Work item ->
Scan the listing below for the word "unfolding" and copy every line where it occurs.
*** Begin section ***
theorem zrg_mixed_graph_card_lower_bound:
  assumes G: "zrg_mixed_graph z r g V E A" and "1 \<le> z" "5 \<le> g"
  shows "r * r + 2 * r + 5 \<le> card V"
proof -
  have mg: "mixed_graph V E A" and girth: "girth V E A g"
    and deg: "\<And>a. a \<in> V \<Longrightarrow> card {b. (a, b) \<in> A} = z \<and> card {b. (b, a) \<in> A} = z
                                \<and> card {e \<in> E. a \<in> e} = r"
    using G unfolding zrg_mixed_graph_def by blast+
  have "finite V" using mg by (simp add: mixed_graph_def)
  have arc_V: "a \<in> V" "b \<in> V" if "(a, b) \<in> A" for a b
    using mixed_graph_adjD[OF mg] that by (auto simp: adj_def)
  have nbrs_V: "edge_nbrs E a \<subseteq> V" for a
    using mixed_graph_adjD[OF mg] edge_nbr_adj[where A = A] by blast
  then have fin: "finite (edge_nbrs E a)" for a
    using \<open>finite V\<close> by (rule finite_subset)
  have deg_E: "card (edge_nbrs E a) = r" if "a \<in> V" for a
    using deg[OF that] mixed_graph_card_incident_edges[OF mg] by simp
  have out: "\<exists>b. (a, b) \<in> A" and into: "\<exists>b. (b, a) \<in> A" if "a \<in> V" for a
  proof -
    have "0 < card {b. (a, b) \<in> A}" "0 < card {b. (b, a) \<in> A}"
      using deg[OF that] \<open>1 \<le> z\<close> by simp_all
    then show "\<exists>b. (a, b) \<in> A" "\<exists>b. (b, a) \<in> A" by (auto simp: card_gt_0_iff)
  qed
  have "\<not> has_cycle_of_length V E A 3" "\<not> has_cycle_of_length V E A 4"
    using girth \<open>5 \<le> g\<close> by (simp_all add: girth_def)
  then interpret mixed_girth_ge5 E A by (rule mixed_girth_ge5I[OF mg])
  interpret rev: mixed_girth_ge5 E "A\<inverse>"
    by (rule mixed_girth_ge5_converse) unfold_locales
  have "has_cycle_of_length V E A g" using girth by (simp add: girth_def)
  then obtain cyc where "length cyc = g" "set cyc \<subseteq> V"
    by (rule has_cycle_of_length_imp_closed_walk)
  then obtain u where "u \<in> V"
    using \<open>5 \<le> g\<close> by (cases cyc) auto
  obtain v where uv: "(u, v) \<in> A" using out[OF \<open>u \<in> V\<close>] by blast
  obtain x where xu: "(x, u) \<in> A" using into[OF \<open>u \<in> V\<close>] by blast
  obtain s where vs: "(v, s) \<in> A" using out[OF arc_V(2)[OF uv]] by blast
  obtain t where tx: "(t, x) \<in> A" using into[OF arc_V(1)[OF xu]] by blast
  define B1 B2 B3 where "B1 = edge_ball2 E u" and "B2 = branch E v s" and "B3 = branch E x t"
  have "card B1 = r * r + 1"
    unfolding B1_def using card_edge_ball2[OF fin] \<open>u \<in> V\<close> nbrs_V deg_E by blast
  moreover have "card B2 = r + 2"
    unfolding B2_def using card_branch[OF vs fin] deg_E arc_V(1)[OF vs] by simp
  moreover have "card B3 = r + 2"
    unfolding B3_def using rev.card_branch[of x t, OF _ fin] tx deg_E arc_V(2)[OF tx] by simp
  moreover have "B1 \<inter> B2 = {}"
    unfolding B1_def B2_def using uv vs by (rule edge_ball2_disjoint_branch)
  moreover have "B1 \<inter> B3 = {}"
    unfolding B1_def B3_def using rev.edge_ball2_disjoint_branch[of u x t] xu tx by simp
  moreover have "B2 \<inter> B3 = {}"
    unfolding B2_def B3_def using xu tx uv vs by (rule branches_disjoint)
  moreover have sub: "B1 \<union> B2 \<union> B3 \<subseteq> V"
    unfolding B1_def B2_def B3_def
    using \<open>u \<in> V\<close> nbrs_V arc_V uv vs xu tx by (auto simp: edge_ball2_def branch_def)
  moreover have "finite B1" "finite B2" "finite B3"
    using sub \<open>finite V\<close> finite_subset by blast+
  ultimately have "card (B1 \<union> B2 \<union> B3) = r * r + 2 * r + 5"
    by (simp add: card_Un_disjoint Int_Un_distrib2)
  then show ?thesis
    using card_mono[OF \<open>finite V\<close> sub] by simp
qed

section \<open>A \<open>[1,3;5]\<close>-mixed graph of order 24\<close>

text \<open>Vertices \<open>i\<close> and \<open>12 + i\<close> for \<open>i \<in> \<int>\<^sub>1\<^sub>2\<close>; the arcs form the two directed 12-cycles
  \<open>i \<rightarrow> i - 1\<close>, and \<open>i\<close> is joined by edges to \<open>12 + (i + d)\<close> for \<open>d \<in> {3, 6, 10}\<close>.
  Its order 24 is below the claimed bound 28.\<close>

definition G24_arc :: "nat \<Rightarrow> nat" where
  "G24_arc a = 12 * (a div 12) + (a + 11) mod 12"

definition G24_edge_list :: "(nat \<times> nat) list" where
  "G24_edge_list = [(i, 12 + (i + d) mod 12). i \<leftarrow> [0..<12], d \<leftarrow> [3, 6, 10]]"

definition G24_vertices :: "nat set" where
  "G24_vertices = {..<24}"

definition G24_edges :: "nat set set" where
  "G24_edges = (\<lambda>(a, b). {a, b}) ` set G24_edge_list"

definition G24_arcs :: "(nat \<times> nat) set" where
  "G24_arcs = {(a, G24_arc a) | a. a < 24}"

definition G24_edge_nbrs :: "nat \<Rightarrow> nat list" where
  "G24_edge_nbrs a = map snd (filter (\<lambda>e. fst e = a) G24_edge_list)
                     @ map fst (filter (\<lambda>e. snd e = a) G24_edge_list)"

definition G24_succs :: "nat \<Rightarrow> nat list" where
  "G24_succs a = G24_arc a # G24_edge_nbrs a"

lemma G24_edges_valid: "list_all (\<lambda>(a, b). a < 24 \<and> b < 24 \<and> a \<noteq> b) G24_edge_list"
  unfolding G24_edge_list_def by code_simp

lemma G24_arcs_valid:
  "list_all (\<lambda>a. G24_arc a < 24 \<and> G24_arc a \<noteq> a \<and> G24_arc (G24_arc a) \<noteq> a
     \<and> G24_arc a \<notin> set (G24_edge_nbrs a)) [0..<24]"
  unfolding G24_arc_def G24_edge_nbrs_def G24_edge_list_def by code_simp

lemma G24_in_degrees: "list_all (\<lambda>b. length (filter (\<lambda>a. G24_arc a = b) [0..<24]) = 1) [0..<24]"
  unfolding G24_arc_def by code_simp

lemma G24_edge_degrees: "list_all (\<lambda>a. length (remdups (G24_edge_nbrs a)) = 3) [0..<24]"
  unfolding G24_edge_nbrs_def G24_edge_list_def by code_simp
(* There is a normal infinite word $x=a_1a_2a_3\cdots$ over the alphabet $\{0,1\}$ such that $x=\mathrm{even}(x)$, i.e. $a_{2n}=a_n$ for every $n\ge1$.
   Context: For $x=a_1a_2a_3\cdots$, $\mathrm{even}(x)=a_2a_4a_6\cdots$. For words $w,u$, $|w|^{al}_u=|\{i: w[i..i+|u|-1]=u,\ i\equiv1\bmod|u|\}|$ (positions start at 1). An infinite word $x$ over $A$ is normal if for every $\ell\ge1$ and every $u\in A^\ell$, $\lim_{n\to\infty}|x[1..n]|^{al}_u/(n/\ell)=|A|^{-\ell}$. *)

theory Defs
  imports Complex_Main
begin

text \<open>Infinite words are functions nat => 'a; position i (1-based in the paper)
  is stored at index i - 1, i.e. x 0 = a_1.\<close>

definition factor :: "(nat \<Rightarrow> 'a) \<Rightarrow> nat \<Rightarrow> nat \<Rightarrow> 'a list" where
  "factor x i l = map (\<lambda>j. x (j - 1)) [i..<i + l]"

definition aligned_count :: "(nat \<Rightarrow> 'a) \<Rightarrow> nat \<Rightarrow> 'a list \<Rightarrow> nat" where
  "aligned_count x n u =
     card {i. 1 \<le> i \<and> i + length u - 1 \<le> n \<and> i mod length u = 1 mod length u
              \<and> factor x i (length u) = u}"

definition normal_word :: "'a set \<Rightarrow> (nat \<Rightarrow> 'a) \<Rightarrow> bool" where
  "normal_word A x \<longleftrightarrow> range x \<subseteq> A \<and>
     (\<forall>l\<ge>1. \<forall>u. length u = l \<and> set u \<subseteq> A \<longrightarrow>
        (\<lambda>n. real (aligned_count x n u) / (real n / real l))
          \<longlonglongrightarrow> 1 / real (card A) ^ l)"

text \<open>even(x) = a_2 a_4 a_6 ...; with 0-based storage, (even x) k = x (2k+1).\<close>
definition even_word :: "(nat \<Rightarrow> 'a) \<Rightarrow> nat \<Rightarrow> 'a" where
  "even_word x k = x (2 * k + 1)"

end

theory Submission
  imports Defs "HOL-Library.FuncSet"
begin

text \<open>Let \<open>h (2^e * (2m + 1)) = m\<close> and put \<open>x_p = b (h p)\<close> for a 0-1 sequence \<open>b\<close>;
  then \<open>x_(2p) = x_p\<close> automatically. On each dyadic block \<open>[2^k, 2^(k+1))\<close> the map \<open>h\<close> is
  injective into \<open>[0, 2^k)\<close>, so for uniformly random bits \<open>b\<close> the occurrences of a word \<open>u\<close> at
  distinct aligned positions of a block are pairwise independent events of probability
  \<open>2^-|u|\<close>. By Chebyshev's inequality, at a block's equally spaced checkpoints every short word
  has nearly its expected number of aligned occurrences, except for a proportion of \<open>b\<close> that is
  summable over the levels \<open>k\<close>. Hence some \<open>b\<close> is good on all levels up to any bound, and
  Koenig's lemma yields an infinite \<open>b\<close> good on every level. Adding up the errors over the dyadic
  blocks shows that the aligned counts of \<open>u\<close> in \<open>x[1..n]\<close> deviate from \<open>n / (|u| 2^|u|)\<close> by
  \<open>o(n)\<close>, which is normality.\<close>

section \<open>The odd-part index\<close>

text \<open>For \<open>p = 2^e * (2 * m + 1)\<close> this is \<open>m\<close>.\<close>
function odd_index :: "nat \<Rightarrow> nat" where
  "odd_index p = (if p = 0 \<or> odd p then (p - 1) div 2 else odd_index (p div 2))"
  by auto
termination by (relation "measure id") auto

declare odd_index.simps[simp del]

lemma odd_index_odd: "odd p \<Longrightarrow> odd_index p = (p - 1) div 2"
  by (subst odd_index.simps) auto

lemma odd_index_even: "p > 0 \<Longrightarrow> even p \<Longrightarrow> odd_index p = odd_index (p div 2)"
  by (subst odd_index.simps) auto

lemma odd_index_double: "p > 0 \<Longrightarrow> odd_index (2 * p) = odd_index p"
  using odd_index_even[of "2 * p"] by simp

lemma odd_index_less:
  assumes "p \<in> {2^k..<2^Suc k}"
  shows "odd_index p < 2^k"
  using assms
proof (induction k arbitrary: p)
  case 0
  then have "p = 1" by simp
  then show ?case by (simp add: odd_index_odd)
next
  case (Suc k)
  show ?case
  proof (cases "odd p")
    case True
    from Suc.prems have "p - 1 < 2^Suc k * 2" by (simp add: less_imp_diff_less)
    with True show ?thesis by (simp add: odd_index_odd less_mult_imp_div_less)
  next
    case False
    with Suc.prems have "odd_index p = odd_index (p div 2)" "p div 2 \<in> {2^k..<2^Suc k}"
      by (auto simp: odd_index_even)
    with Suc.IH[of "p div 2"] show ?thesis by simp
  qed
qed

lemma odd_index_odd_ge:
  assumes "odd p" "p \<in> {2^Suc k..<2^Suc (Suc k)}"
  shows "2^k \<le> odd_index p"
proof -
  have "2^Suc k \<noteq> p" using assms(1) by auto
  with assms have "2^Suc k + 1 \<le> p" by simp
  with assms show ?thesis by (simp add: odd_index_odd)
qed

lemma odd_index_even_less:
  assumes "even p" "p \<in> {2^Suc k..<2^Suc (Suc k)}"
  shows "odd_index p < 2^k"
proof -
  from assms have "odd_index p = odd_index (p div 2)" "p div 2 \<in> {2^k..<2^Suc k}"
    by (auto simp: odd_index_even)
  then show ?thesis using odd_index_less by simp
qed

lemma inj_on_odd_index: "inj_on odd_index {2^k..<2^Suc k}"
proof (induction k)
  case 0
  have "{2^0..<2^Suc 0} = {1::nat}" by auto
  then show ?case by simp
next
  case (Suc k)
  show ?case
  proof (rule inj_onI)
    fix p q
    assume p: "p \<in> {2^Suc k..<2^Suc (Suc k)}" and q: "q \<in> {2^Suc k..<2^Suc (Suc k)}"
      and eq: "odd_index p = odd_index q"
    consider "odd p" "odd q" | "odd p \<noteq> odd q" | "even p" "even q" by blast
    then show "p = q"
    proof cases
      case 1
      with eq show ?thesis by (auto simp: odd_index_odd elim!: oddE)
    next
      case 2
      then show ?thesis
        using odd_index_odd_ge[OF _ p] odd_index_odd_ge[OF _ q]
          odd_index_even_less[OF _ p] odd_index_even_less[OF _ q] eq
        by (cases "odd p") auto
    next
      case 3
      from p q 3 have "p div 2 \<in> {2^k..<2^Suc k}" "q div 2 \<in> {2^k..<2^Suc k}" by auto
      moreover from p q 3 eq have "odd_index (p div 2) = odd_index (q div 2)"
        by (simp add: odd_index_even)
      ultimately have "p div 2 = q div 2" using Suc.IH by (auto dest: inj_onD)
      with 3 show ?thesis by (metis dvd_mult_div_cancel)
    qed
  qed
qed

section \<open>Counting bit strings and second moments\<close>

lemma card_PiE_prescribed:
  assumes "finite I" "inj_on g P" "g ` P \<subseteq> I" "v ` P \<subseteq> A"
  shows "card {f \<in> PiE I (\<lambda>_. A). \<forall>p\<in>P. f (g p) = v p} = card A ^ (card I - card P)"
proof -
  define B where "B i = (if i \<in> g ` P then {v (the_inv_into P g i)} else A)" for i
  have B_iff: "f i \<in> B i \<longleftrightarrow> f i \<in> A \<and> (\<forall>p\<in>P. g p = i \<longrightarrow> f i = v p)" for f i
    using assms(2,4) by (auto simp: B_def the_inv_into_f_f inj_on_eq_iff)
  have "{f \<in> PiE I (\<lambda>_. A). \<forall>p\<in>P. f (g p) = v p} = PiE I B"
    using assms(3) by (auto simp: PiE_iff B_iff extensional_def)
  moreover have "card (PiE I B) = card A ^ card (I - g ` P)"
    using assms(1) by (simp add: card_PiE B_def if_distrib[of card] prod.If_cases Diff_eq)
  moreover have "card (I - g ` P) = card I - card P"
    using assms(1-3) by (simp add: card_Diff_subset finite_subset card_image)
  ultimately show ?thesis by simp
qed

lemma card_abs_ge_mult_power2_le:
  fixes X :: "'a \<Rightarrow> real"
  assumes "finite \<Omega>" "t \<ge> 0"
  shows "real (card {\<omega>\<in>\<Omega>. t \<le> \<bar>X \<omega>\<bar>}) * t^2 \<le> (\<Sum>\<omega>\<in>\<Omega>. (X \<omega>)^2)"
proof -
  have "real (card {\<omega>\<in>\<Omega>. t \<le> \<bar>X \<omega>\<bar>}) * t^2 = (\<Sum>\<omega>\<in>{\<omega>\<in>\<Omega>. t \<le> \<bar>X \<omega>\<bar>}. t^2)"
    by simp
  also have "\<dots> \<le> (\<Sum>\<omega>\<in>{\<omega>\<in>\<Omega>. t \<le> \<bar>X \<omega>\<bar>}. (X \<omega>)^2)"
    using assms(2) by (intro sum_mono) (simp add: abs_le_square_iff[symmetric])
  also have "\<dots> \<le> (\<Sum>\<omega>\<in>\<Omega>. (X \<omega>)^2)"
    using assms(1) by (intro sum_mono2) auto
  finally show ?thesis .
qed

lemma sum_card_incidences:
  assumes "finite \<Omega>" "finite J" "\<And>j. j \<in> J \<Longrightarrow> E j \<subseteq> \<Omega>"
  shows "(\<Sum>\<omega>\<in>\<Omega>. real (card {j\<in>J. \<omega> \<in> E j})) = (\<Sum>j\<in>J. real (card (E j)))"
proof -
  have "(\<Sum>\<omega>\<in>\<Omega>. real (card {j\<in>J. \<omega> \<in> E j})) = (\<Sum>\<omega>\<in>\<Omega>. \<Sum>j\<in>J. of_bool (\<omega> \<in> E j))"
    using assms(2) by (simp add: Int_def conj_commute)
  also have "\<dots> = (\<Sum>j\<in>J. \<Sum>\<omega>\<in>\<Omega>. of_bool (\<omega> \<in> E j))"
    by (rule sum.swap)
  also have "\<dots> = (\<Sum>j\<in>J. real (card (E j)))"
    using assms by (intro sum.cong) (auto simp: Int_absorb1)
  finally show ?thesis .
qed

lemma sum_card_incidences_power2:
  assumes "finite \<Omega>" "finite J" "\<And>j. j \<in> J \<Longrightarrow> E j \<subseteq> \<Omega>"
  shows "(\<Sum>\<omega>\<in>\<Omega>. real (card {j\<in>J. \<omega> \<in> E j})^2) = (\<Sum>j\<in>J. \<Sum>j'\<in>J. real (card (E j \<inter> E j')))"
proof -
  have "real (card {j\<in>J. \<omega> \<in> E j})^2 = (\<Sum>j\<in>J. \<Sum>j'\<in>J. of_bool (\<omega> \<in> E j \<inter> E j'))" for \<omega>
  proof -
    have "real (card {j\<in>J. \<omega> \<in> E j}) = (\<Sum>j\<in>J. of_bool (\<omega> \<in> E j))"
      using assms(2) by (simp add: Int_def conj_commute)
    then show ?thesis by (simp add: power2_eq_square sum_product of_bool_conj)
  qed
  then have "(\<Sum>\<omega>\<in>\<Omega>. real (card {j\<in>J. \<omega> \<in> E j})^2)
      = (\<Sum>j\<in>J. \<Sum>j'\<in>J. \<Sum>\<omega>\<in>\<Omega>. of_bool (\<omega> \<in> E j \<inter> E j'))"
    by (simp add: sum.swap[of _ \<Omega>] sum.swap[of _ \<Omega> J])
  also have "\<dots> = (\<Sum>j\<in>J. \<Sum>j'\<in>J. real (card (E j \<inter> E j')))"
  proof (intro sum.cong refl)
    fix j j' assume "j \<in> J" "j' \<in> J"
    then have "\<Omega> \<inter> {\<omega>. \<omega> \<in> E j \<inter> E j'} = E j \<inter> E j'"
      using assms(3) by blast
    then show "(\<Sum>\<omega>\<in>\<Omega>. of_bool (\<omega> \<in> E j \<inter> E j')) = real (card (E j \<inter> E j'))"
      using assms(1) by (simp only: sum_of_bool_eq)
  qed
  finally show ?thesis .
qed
*** End section ***
Written answer ->
    using G unfolding zrg_mixed_graph_def by blast+
    unfolding B1_def using card_edge_ball2[OF fin] \<open>u \<in> V\<close> nbrs_V deg_E by blast
    unfolding B2_def using card_branch[OF vs fin] deg_E arc_V(1)[OF vs] by simp
    unfolding B3_def using rev.card_branch[of x t, OF _ fin] tx deg_E arc_V(2)[OF tx] by simp
    unfolding B1_def B2_def using uv vs by (rule edge_ball2_disjoint_branch)
    unfolding B1_def B3_def using rev.edge_ball2_disjoint_branch[of u x t] xu tx by simp
    unfolding B2_def B3_def using xu tx uv vs by (rule branches_disjoint)
    unfolding B1_def B2_def B3_def
  unfolding G24_edge_list_def by code_simp
  unfolding G24_arc_def G24_edge_nbrs_def G24_edge_list_def by code_simp
  unfolding G24_arc_def by code_simp
  unfolding G24_edge_nbrs_def G24_edge_list_def by code_simp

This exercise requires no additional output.